A borough since 1889, Malvern was settled in the late 1600s by Welsh immigrants who bought the land from that peerless real estate speculator, William Penn. King Street, Malvern’s main road and historic district, may not evoke Penn and his Quakers, but its sites (and sights) are reminiscent of the days when the borough was born.
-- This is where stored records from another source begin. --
lemma nn_integral_Ioc_imp_has_integral:
  fixes f :: "real \<Rightarrow> real"
  assumes "f \<in> borel_measurable borel" "\<And>x. x \<in> {a<..b} \<Longrightarrow> 0 \<le> f x"
    and "(\<integral>\<^sup>+x. ennreal (f x) * indicator {a<..b} x \<partial>lborel) = ennreal r" "0 \<le> r"
  shows "(f has_integral r) {a..b}"
proof -
  have "(\<integral>\<^sup>+x. ennreal (f x * indicator {a<..b} x) \<partial>lborel) = (\<integral>\<^sup>+x. ennreal (f x) * indicator {a<..b} x \<partial>lborel)"
    by (intro nn_integral_cong) (simp add: indicator_def)
  then have "(\<integral>\<^sup>+x. ennreal (f x * indicator {a<..b} x) \<partial>lborel) = ennreal r"
    using assms(3) by simp
  then have "((\<lambda>x. f x * indicator {a<..b} x) has_integral r) UNIV"
    using assms by (intro nn_integral_has_integral) (auto simp: indicator_def)
  moreover have "(\<lambda>x. f x * indicator {a<..b} x) = (\<lambda>x. if x \<in> {a<..b} then f x else 0)"
    by (simp add: fun_eq_iff indicator_def)
  ultimately have "(f has_integral r) {a<..b}"
    by (metis has_integral_restrict_UNIV)
  then show ?thesis
    by (simp add: has_integral_Ioc_iff_Icc)
qed

lemma set_integrable_mult_bounded:
  fixes f g :: "'a \<Rightarrow> real"
  assumes f: "set_integrable M A f"
    and g: "g \<in> borel_measurable M"
    and bound: "\<And>x. x \<in> A \<Longrightarrow> \<bar>g x\<bar> \<le> C"
  shows "set_integrable M A (\<lambda>x. g x * f x)"
proof (rule set_integrable_bound[OF set_integrable_mult_right[of C, OF f]])
  have "(\<lambda>x. indicator A x *\<^sub>R f x) \<in> borel_measurable M"
    using f unfolding set_integrable_def by (rule borel_measurable_integrable)
  then have "(\<lambda>x. g x * (indicator A x *\<^sub>R f x)) \<in> borel_measurable M"
    using g by measurable
  then show "set_borel_measurable M A (\<lambda>x. g x * f x)"
    unfolding set_borel_measurable_def by (simp add: mult.left_commute)
  have "\<bar>g x\<bar> * \<bar>f x\<bar> \<le> \<bar>C\<bar> * \<bar>f x\<bar>" if "x \<in> A" for x
    using bound[OF that] by (intro mult_right_mono) auto
  then show "AE x in M. x \<in> A \<longrightarrow> norm (g x * f x) \<le> norm (C * f x)"
    by (simp add: abs_mult)
qed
Currently at its second King Street address, the National Bank of Malvern dates to 1884. The former Malvern Inn, stately and historic, has had many incarnations in its lifetime and now hosts Gingy’s Fashion & Home Décor. King Street Traders, purveyor of fine art and antiques, is located in a century-old building that originally housed Warner Hardware. Sheffield Furniture & Interiors and the Malvern Design Center rise from the foundations of an 1899 structure that, at the outset, launched a condensed-milk plant. With modern eateries and crafts shops, King Street is a blend of the old and the new, plus a lively venue for spring and fall festivals and a Victorian Christmas celebration.
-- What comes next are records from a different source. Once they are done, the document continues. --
lemma tendsto_measure_halfspace_plus:
  fixes M :: "'a::euclidean_space measure"
  assumes M: "continuous_prob_measure M" and v: "v \<noteq> 0"
    and vs: "vs \<longlonglongrightarrow> v" and ls: "ls \<longlonglongrightarrow> l"
  shows "(\<lambda>k. measure M (halfspace_plus (vs k) (ls k))) \<longlonglongrightarrow> measure M (halfspace_plus v l)"
proof -
  interpret prob_space M
    using M unfolding continuous_prob_measure_def by auto
  have ind_lim: "(\<lambda>k. indicator (halfspace_plus (vs k) (ls k)) x :: real)
      \<longlonglongrightarrow> indicator (halfspace_plus v l) x" if ne: "inner x v \<noteq> l" for x
  proof -
    have lim: "(\<lambda>k. inner x (vs k) - ls k) \<longlonglongrightarrow> inner x v - l"
      by (intro tendsto_intros vs ls)
    consider "inner x v - l > 0" | "inner x v - l < 0"
      using ne by (cases "inner x v > l") auto
    then have "eventually (\<lambda>k. indicator (halfspace_plus (vs k) (ls k)) x
        = (indicator (halfspace_plus v l) x :: real)) sequentially"
    proof cases
      case 1
      with order_tendstoD(1)[OF lim, of 0] show ?thesis
        by (auto elim!: eventually_mono simp: halfspace_plus_def indicator_def)
    next
      case 2
      with order_tendstoD(2)[OF lim, of 0] show ?thesis
        by (auto elim!: eventually_mono simp: halfspace_plus_def indicator_def)
    qed
    then show ?thesis
      by (rule tendsto_eventually)
  qed
  have "(\<lambda>k. integral\<^sup>L M (indicator (halfspace_plus (vs k) (ls k)) :: _ \<Rightarrow> real))
      \<longlonglongrightarrow> integral\<^sup>L M (indicator (halfspace_plus v l))"
  proof (rule integral_dominated_convergence[where w="\<lambda>_. 1"])
    show "AE x in M. (\<lambda>k. indicator (halfspace_plus (vs k) (ls k)) x :: real)
        \<longlonglongrightarrow> indicator (halfspace_plus v l) x"
      using AE_not_in[OF hyperplane_null_sets[OF M v, of l]] by eventually_elim (simp add: ind_lim)
  qed (auto intro: borel_measurable_indicator halfspace_plus_in_sets[OF M] simp: indicator_def)
  then show ?thesis
    using continuous_prob_measure_space[OF M] by simp
qed

text \<open>The cofactors along row i0 of this matrix form a normal vector of the affine hull of the
  points x$j: a generalised cross product of the differences x$j - x$i0.\<close>
definition hyperplane_matrix :: "'n::finite \<Rightarrow> (real^'n)^'n \<Rightarrow> real^'n \<Rightarrow> real^'n^'n" where
  "hyperplane_matrix i0 x y = (\<chi> j. if j = i0 then y else x$j - x$i0)"

definition hyperplane_normal :: "'n::finite \<Rightarrow> (real^'n)^'n \<Rightarrow> real^'n" where
  "hyperplane_normal i0 x = (\<chi> k. det (hyperplane_matrix i0 x (axis k 1)))"

lemma det_hyperplane_matrix:
  fixes x :: "(real^'n::finite)^'n"
  shows "det (hyperplane_matrix i0 x y) = inner (hyperplane_normal i0 x) y"
proof -
  have "det (hyperplane_matrix i0 x y)
      = det ((\<chi> j. if j = i0 then \<Sum>k\<in>UNIV. y$k *s axis k 1 else x$j - x$i0) :: real^'n^'n)"
    unfolding hyperplane_matrix_def basis_expansion ..
  also have "\<dots> = (\<Sum>k\<in>UNIV. det ((\<chi> j. if j = i0 then y$k *s axis k 1 else x$j - x$i0) :: real^'n^'n))"
    by (rule det_linear_row_sum) simp
  also have "\<dots> = (\<Sum>k\<in>UNIV. y$k * det (hyperplane_matrix i0 x (axis k 1)))"
    unfolding hyperplane_matrix_def by (simp add: det_row_mul)
  also have "\<dots> = inner (hyperplane_normal i0 x) y"
    by (simp add: hyperplane_normal_def inner_vec_def mult.commute)
  finally show ?thesis .
qed

lemma inner_hyperplane_normal:
  "inner (hyperplane_normal i0 x) (x$j) = inner (hyperplane_normal i0 x) (x$i0)"
proof -
  have "det (hyperplane_matrix i0 x (x$j - x$i0)) = 0"
  proof (cases "j = i0")
    case True
    then show ?thesis
      by (intro det_zero_row(1)[of i0]) (simp add: hyperplane_matrix_def row_def vec_eq_iff)
  next
    case False
    then show ?thesis
      by (intro det_identical_rows[of j i0]) (auto simp: hyperplane_matrix_def row_def vec_eq_iff)
  qed
  then show ?thesis
    by (simp add: det_hyperplane_matrix inner_diff_right)
qed

lemma tendsto_det:
  fixes A :: "'b \<Rightarrow> real^'n::finite^'n"
  assumes "\<And>i j. ((\<lambda>t. A t $ i $ j) \<longlongrightarrow> B $ i $ j) F"
  shows "((\<lambda>t. det (A t)) \<longlongrightarrow> det B) F"
  unfolding det_def by (intro tendsto_intros assms)

lemma tendsto_hyperplane_normal:
  assumes "(x \<longlongrightarrow> x0) F"
  shows "((\<lambda>t. hyperplane_normal i0 (x t)) \<longlongrightarrow> hyperplane_normal i0 x0) F"
  unfolding hyperplane_normal_def hyperplane_matrix_def
  by (intro tendsto_intros tendsto_det) (auto intro!: tendsto_intros assms)

lemma hyperplane_normal_eq_0_imp_dependent:
  fixes x :: "(real^'n::finite)^'n"
  assumes "hyperplane_normal i0 x = 0"
  obtains d where "d $ i0 = 0" "d \<noteq> 0" "(\<Sum>j\<in>UNIV. d$j *\<^sub>R (x$j - x$i0)) = 0"
proof -
  define R where "R = (\<lambda>j. x$j - x$i0) ` (UNIV - {i0})"
  have "dim R \<le> card R"
    by (intro dim_le_card span_superset) (simp add: R_def)
  also have "\<dots> \<le> card (UNIV - {i0})"
    unfolding R_def by (rule card_image_le) simp
  also have "\<dots> < CARD('n)"
    by (simp add: card_Diff_singleton)
  finally have "dim R < CARD('n)" .
  moreover have "dim R = CARD('n)" if "span R = UNIV"
    using that dim_span[of R] by simp
  ultimately have "span R \<noteq> UNIV"
    by auto
  then obtain y where y: "y \<notin> span R"
    by blast
  have "det (hyperplane_matrix i0 x y) = 0"
    using assms by (simp add: det_hyperplane_matrix)
  then obtain d where d: "d \<noteq> 0" "d v* hyperplane_matrix i0 x y = 0"
    by (metis det_eq_0_rank det_transpose less_irrefl_nat
        matrix_nonfull_linear_equations_eq transpose_matrix_vector)
  have rows: "(\<Sum>j\<in>UNIV. d$j *\<^sub>R (if j = i0 then y else x$j - x$i0)) = 0"
    using d(2) by (simp add: hyperplane_matrix_def vec_eq_iff vector_matrix_mult_def
        sum_component mult.commute)
  have rest: "(\<Sum>j\<in>UNIV - {i0}. d$j *\<^sub>R (x$j - x$i0)) \<in> span R"
    by (intro span_sum span_mul span_base) (auto simp: R_def)
  have "(\<Sum>j\<in>UNIV - {i0}. d$j *\<^sub>R (if j = i0 then y else x$j - x$i0))
      = (\<Sum>j\<in>UNIV - {i0}. d$j *\<^sub>R (x$j - x$i0))"
    by (rule sum.cong) auto
  then have split: "d$i0 *\<^sub>R y + (\<Sum>j\<in>UNIV - {i0}. d$j *\<^sub>R (x$j - x$i0)) = 0"
    using rows by (simp add: sum.remove[of UNIV i0])
  have di0: "d $ i0 = 0"
  proof (rule ccontr)
    assume ne: "d $ i0 \<noteq> 0"
    have "d$i0 *\<^sub>R y \<in> span R"
      using span_add_eq2[OF rest, of "d$i0 *\<^sub>R y"] by (metis split span_zero)
    then have "inverse (d$i0) *\<^sub>R (d$i0 *\<^sub>R y) \<in> span R"
      by (rule span_mul)
    then show False
      using ne y by simp
  qed
  show ?thesis
  proof (rule that[OF di0 d(1)])
    show "(\<Sum>j\<in>UNIV. d$j *\<^sub>R (x$j - x$i0)) = 0"
      using rows di0 by (simp add: sum.remove[of UNIV i0])
  qed
qed

lemma hyperplane_normal_neq_0:
  fixes x :: "(real^'n::finite)^'n"
  assumes indep: "\<And>lam. (\<Sum>j\<in>UNIV. lam j *\<^sub>R x$j) = 0 \<Longrightarrow> sum lam UNIV = 0 \<Longrightarrow> lam = (\<lambda>_. 0)"
  shows "hyperplane_normal i0 x \<noteq> 0"
proof
  assume "hyperplane_normal i0 x = 0"
  then obtain d where d: "d $ i0 = 0" "d \<noteq> 0" "(\<Sum>j\<in>UNIV. d$j *\<^sub>R (x$j - x$i0)) = 0"
    by (rule hyperplane_normal_eq_0_imp_dependent)
  define lam where "lam j = d$j - (if j = i0 then sum (($) d) UNIV else 0)" for j
  have "(\<Sum>j\<in>UNIV. lam j *\<^sub>R x$j) = (\<Sum>j\<in>UNIV. d$j *\<^sub>R x$j) - sum (($) d) UNIV *\<^sub>R x$i0"
    by (simp add: lam_def scaleR_diff_left sum_subtractf if_distrib[where f="\<lambda>a. a *\<^sub>R _"]
        cong: if_cong)
  also have "\<dots> = (\<Sum>j\<in>UNIV. d$j *\<^sub>R (x$j - x$i0))"
    by (simp add: scaleR_diff_right sum_subtractf scaleR_sum_left)
  finally have "(\<Sum>j\<in>UNIV. lam j *\<^sub>R x$j) = 0"
    using d(3) by simp
  moreover have "sum lam UNIV = 0"
    by (simp add: lam_def sum_subtractf)
  ultimately have "lam = (\<lambda>_. 0)"
    by (rule indep)
  moreover obtain j where "d $ j \<noteq> 0"
    using d(2) by (metis vec_eq_iff zero_index)
  ultimately show False
    using d(1) by (metis lam_def diff_zero)
qed

definition strictly_separable :: "('n \<Rightarrow> 'a::real_inner set) \<Rightarrow> bool" where
  "strictly_separable K \<longleftrightarrow>
     (\<forall>\<sigma>::'n \<Rightarrow> bool. \<exists>v l. \<forall>i. \<forall>y\<in>K i. if \<sigma> i then l < inner y v else inner y v < l)"

text \<open>Separate with the sign pattern of the coefficients: every summand of
  \<Sum>j. lam j * (inner (x$j) v - l) is then nonnegative and the sum vanishes.\<close>
lemma strictly_separable_imp_affinely_independent:
  fixes x :: "'a::real_inner^'n::finite"
  assumes "strictly_separable K" and x: "\<And>i. x$i \<in> K i"
    and "(\<Sum>j\<in>UNIV. lam j *\<^sub>R x$j) = 0" "sum lam UNIV = 0"
  shows "lam = (\<lambda>_. 0)"
proof (rule ccontr)
  assume "lam \<noteq> (\<lambda>_. 0)"
  then obtain j0 where j0: "lam j0 \<noteq> 0"
    by auto
  obtain v l where vl: "\<forall>i. \<forall>y\<in>K i. if 0 < lam i then l < inner y v else inner y v < l"
    using assms(1)[unfolded strictly_separable_def, rule_format, of "\<lambda>i. 0 < lam i"] by blast
  have pos: "lam j * (inner (x$j) v - l) > 0" if "lam j \<noteq> 0" for j
  proof (cases "lam j > 0")
    case True
    then have "l < inner (x$j) v"
      using vl x[of j] by auto
    with True show ?thesis
      by simp
  next
    case False
    then have "lam j < 0" "inner (x$j) v < l"
      using that vl x[of j] by auto
    then show ?thesis
      by (simp add: mult_neg_neg)
  qed
  have "lam j * (inner (x$j) v - l) \<ge> 0" for j
    using pos[of j] by (cases "lam j = 0") auto
  then have "0 < (\<Sum>j\<in>UNIV. lam j * (inner (x$j) v - l))"
    using pos[OF j0] by (intro sum_pos2[of UNIV j0]) auto
  also have "\<dots> = inner (\<Sum>j\<in>UNIV. lam j *\<^sub>R x$j) v - l * sum lam UNIV"
    by (simp add: inner_sum_left sum_subtractf right_diff_distrib sum_distrib_left mult.commute)
  finally show False
    using assms(3,4) by simp
qed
The Malvern Inn may no longer be a hostelry, but beyond King Street, the Malvern area offers the historic General Warren Inne on Old Lancaster Highway and the Cedar Hollow Inn on Yellow Springs Road. The sprawling Great Valley Corporate Center and Immaculata University, the home of the storied Mighty Macs girls’ basketball program, are just outside of Malvern.
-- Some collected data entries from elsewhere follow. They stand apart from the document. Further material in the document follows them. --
theorem mainTheorem12:
  shows "(\<forall>I. composition I \<and> I \<noteq> [] \<longrightarrow>
            (e ((1 + hd I) # tl I) :: 'k::field_char_0 poly fract)
              = qint qX (length I) * e I
                + (\<Sum>k\<in>{1..<length I}. qX ^ (k - 1) * e (mergeAt I k)))
       \<and> (\<forall>I. composition I \<and> I \<noteq> [] \<longrightarrow> (e (1 # I) :: 'k poly fract) = e I)
       \<and> (\<forall>f :: nat list \<Rightarrow> 'k poly fract.
            f [1] = 1
            \<and> (\<forall>I. composition I \<and> I \<noteq> [] \<longrightarrow>
                 f ((1 + hd I) # tl I) = qint qX (length I) * f I
                   + (\<Sum>k\<in>{1..<length I}. qX ^ (k - 1) * f (mergeAt I k)))
            \<and> (\<forall>I. composition I \<and> I \<noteq> [] \<longrightarrow> f (1 # I) = f I)
            \<longrightarrow> (\<forall>I. composition I \<and> I \<noteq> [] \<longrightarrow> f I = e I))"
proof -
  have q: "(qX :: 'k poly fract) \<noteq> 0"
    by (simp add: qX_def Zero_fract_def eq_fract)
  have e_recursion_iff: "e_recursion qX f \<longleftrightarrow>
      (\<forall>I. composition I \<and> I \<noteq> [] \<longrightarrow> f ((1 + hd I) # tl I) = qint qX (length I) * f I
         + (\<Sum>k\<in>{1..<length I}. qX ^ (k - 1) * f (mergeAt I k)))
      \<and> (\<forall>I. composition I \<and> I \<noteq> [] \<longrightarrow> f (1 # I) = f I)" for f :: "nat list \<Rightarrow> 'k poly fract"
    unfolding e_recursion_def merge_sum_def incr_head_def by auto
  have "e_recursion qX (e :: nat list \<Rightarrow> 'k poly fract)"
    by (rule e_recursion_ecoef[OF q])
  moreover have "f I = e I"
    if "f [1] = 1" "e_recursion qX f" "composition I" "I \<noteq> []"
    for f :: "nat list \<Rightarrow> 'k poly fract" and I
    using e_recursion_unique[OF that(2) \<open>e_recursion qX e\<close>] ecoef_singleton[OF q] that by simp
  ultimately show ?thesis
    unfolding e_recursion_iff by blast
qed

end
Villa Maria Academy educates young women on its Old Lincoln Highway campus in Malvern. The highly regarded boys’ school Malvern Prep, originally on the campus of Villanova University, dates its local digs on Warren Avenue to 1922—and once owned the site of the Paoli Massacre, General “Mad” Anthony Wayne’s 1777 debacle that took place in present-day Malvern and was not nearly as bad as its hyperbolic moniker. For more modern drama, no regional theater surpasses the People’s Light & Theatre Company, a perennial Barrymore Award winner.